- HOW TO COMPLETE THIS TASK: Give the number of lines in the records below that contain the word "oplus". State only that number.

Data extracted from a collection

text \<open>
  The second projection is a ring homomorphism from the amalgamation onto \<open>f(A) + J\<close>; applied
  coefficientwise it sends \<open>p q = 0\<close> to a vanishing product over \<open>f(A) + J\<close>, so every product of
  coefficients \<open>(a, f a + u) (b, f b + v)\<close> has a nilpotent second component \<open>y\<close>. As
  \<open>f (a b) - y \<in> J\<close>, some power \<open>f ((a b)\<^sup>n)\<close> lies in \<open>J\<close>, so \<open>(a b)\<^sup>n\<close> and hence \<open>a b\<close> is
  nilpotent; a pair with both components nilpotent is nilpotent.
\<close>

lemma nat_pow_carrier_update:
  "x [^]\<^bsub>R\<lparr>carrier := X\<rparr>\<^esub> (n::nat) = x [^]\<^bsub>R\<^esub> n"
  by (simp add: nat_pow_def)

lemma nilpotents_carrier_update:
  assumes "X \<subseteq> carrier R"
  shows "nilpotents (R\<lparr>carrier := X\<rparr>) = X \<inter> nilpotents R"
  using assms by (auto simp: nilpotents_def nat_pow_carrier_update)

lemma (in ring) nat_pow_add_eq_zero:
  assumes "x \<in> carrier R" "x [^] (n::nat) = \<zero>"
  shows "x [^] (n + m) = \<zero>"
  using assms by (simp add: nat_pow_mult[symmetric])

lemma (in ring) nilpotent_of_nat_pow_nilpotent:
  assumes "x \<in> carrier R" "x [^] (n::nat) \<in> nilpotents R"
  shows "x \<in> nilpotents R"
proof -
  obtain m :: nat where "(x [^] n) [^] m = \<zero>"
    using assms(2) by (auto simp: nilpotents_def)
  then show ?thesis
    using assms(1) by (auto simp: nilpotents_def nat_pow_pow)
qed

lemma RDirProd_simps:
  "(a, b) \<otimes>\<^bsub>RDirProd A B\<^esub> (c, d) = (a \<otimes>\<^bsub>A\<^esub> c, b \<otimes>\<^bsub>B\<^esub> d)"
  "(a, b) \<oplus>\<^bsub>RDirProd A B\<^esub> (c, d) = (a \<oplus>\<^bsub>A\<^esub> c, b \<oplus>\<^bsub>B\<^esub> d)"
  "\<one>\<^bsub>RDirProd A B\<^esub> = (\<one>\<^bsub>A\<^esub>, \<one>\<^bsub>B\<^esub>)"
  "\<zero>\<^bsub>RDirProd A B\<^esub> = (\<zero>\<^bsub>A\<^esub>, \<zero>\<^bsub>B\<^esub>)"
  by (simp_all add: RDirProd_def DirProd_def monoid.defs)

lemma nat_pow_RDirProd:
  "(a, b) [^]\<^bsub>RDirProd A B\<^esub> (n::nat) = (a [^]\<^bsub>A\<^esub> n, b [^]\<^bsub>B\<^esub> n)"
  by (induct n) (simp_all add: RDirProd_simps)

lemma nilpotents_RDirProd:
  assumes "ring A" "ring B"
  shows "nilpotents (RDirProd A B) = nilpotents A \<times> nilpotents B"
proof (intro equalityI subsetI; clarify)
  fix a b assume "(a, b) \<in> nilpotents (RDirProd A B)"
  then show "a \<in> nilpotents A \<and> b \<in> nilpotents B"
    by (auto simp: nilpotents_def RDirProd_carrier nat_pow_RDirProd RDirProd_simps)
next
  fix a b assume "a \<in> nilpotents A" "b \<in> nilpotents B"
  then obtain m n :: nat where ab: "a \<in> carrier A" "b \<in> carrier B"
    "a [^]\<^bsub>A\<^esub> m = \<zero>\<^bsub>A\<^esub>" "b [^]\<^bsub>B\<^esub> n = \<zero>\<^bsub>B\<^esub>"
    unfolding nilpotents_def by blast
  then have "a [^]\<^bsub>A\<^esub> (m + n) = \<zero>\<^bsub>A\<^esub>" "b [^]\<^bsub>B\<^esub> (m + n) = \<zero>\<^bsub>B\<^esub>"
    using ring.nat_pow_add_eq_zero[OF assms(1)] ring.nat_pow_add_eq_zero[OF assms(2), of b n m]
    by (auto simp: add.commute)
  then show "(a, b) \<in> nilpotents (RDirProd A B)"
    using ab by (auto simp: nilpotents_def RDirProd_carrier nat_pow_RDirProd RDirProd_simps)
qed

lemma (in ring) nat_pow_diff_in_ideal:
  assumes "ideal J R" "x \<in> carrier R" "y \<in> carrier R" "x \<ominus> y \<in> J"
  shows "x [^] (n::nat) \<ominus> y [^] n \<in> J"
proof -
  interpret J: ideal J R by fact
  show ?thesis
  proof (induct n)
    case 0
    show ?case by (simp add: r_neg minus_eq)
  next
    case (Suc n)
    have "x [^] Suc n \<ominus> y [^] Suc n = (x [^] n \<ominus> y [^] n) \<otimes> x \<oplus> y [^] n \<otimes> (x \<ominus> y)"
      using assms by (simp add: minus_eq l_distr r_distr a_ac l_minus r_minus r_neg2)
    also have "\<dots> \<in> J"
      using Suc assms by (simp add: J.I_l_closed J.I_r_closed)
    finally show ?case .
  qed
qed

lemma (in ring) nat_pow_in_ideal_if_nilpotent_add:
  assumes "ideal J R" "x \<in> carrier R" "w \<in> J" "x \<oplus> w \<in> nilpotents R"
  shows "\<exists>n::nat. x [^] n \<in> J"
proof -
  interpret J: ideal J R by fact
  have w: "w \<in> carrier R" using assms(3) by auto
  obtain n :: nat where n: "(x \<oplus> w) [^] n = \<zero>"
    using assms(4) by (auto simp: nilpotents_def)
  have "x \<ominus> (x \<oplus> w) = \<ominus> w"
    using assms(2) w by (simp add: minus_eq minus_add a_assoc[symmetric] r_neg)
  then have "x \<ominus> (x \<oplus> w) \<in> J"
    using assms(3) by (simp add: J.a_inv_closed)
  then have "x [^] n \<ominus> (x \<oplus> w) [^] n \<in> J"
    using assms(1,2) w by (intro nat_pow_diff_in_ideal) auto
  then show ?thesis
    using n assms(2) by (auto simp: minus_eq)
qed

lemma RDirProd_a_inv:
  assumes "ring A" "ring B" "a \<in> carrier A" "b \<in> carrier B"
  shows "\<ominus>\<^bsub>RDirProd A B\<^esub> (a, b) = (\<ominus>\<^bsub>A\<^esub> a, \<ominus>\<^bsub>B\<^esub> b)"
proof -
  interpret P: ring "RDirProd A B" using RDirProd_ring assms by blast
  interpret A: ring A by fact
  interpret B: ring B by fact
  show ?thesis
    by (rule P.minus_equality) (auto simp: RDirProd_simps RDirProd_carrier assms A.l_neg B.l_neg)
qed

- OUTPUT OF THE EXERCISE: 7